Feature Type

[X] Adding new functionality to pandas
[X] Changing existing functionality in pandas
[ ] Removing existing functionality in pandas

Problem Description

When dealing with unbalanced large amount of data, I wanted to subsample training data according to its corresponding propotion of label column.

For example, if female acounts for 90% and male accounts for 10 % of the whole datasets of size 100,000 rows, I wish pandas can provide an API to subsample 10,000 rows with 90% of female and 10% of male.

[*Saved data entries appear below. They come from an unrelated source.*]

(* Consider the $L$-layer LSTM described in the context, with $L\in\mathbb{N}$, and let $k\in\mathbb{Z}_{\ge 0}$. For every $l\in[L]$, the set $\mathcal{S}^{(l)}(k)=\mathcal{C}^{(l)}(k)\times\mathcal{H}^{(l)}(k)$ is invariant: for every input sequence $x(t)\in[-x_{\max},x_{\max}]^{n_x}$, $t\ge 0$, if $s^{(l)}(0)=(c^{(l)}(0),h^{(l)}(0))\in\mathcal{S}^{(l)}(k)$, then $s^{(l)}(t)=(c^{(l)}(t),h^{(l)}(t))\in\mathcal{S}^{(l)}(k)$ for all $t\in\mathbb{Z}_{\ge 0}$. Moreover, $\mathcal{S}^{(l)}(k+1)\subseteq\mathcal{S}^{(l)}(k)$ for all $k\in\mathbb{Z}_{\ge 0}$.
   Context: LSTM: fix $L\in\mathbb{N}$, dimensions $n_x,n_c$, and $x_{\max}>0$. For $l\in[L]$ let $n^{(l)}=n_x$ if $l=1$, $n^{(l)}=n_c$ if $l\ge2$; weights $W^{(l)}_*\in\mathbb{R}^{n_c\times n^{(l)}}$, $U^{(l)}_*\in\mathbb{R}^{n_c\times n_c}$, biases $b^{(l)}_*\in\mathbb{R}^{n_c}$, $*\in\{f,i,c,o\}$. With $\sigma(w)=1/(1+e^{-w})$, $\phi=\tanh$ (componentwise) and $\odot$ the componentwise product, for $t\in\mathbb{Z}_{\ge0}$: $c^{(l)}(t+1)=\sigma(W^{(l)}_f x^{(l)}(t)+U^{(l)}_f h^{(l)}(t)+b^{(l)}_f)\odot c^{(l)}(t)+\sigma(W^{(l)}_i x^{(l)}(t)+U^{(l)}_i h^{(l)}(t)+b^{(l)}_i)\odot\phi(W^{(l)}_c x^{(l)}(t)+U^{(l)}_c h^{(l)}(t)+b^{(l)}_c)$, $h^{(l)}(t+1)=\sigma(W^{(l)}_o x^{(l)}(t)+U^{(l)}_o h^{(l)}(t)+b^{(l)}_o)\odot\phi(c^{(l)}(t+1))$, where $x^{(1)}(t)=x(t)\in[-x_{\max},x_{\max}]^{n_x}$ and $x^{(l)}(t)=h^{(l-1)}(t+1)$ for $l\ge2$; $c^{(l)}\in\mathbb{R}^{n_c}$, $h^{(l)}\in(-1,1)^{n_c}$, and $s^{(l)}(t)=(c^{(l)}(t),h^{(l)}(t))$. Invariant-set quantities: let $x^{(l)}_{\max}=x_{\max}$ if $l=1$ and $=1$ if $l\ge2$. For a matrix $A$, $|A|$ is the entrywise absolute value; $\mathbf{1}_n$ the all-ones vector; $v_+=(\max\{v_{(j)},0\})_j$; $\|v\|_\infty=\max_j|v_{(j)}|$. For $\eta\ge0$ and $*\in\{f,i,o\}$: $G^{(l)}_*(\eta)=\|(x^{(l)}_{\max}|W^{(l)}_*|\mathbf{1}_{n^{(l)}}+\eta|U^{(l)}_*|\mathbf{1}_{n_c}+b^{(l)}_* )_+\|_\infty$, $G^{(l)}_c(\eta)=\|x^{(l)}_{\max}|W^{(l)}_c|\mathbf{1}_{n^{(l)}}+\eta|U^{(l)}_c|\mathbf{1}_{n_c}+|b^{(l)}_c|\|_\infty$. With $\eta^{(l)}(-1)=1$ and for $k\ge0$: $\overline{\sigma}^{(l)}_*(k)=\sigma(G^{(l)}_*(\eta^{(l)}(k-1)))$, $\overline{\phi}^{(l)}_c(k)=\phi(G^{(l)}_c(\eta^{(l)}(k-1)))$, $\overline{c}^{(l)}(k)=\overline{\sigma}^{(l)}_i(k)\overline{\phi}^{(l)}_c(k)/(1-\overline{\sigma}^{(l)}_f(k))$, $\eta^{(l)}(k)=\phi(\overline{c}^{(l)}(k))\overline{\sigma}^{(l)}_o(k)$. Finally $\mathcal{C}^{(l)}(k)=\{c\in\mathbb{R}^{n_c}:\|c\|_\infty\le\overline{c}^{(l)}(k)\}$ and $\mathcal{H}^{(l)}(k)=\{h\in\mathbb{R}^{n_c}:\|h\|_\infty\le\phi(\overline{c}^{(l)}(k))\overline{\sigma}^{(l)}_o(k)\}$. *)

theory Defs
  imports Complex_Main
begin

text \<open>Vectors in R^n are represented as functions nat => real, only the
  components j < n being relevant; an n_c x n matrix A is nat => nat => real
  with entries A j m for j < n_c, m < n.\<close>

datatype gate = Gf | Gi | Gc | Go

definition sigmoid :: "real \<Rightarrow> real" where
  "sigmoid w = 1 / (1 + exp (- w))"

definition mv :: "nat \<Rightarrow> (nat \<Rightarrow> nat \<Rightarrow> real) \<Rightarrow> (nat \<Rightarrow> real) \<Rightarrow> nat \<Rightarrow> real" where
  "mv n A v j = (\<Sum>m<n. A j m * v m)"

definition norm_inf :: "nat \<Rightarrow> (nat \<Rightarrow> real) \<Rightarrow> real" where
  "norm_inf n v = Max (insert 0 ((\<lambda>j. \<bar>v j\<bar>) ` {..<n}))"

definition nin :: "nat \<Rightarrow> nat \<Rightarrow> nat \<Rightarrow> nat" where
  "nin nx nc l = (if l = 1 then nx else nc)"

I found that the similar functions in pandas only provide subsampling with groupby and specified number(or fraction) of data such as issue #33777, but it is slightly different from the API I proposed above.

Feature Description

Propotionate stratified subsampling implemented as follows: First we will calculate the propotion of each group in df[column_name], stratified subsample according to this propotion and return the concatenated dataframe.

import pandas as pd

def propotionate_sampling(df, column_name, sample_num):
    '''
    Propotionate Stratified Samping: sampling according to the propotion of data of genre
    Parameters
    ----------
    df: input pandas dataframe
    column_name: string, the column we want to groupby
    sample_num: int, number of output subsample
    '''
    sampling_num = dict()
    sample_df = pd.DataFrame()

    total_entry = float(len(df))
    count_lst = [int(sample_num * (count / total_entry)) for count in df[column_name].value_counts().tolist()]
    name_lst = df[column_name].value_counts().index.tolist()
    for genre_name, genre_count in zip(name_lst, count_lst): sampling_num[genre_name] = genre_count

    for group, gb_df in df.groupby(column_name):
        sample_df = pd.concat([sample_df, gb_df.sample(n=sampling_num[group])])

    return sample_df

Alternative Solutions

None

Additional Context

240 and #33777 are both related to stratrified sampling, but they are not talking about the propotionate (or propotional) subsampling

I've been dealing with unbalanced data in this semester and I found that propotionate stratified sampling helps me better in sampling from training data than merely stratified sampling a fixed amount of data in each group because I still wanted to keep the unbalance feature in my sample. So, I think that perhaps it would be better for pandas to add this feature.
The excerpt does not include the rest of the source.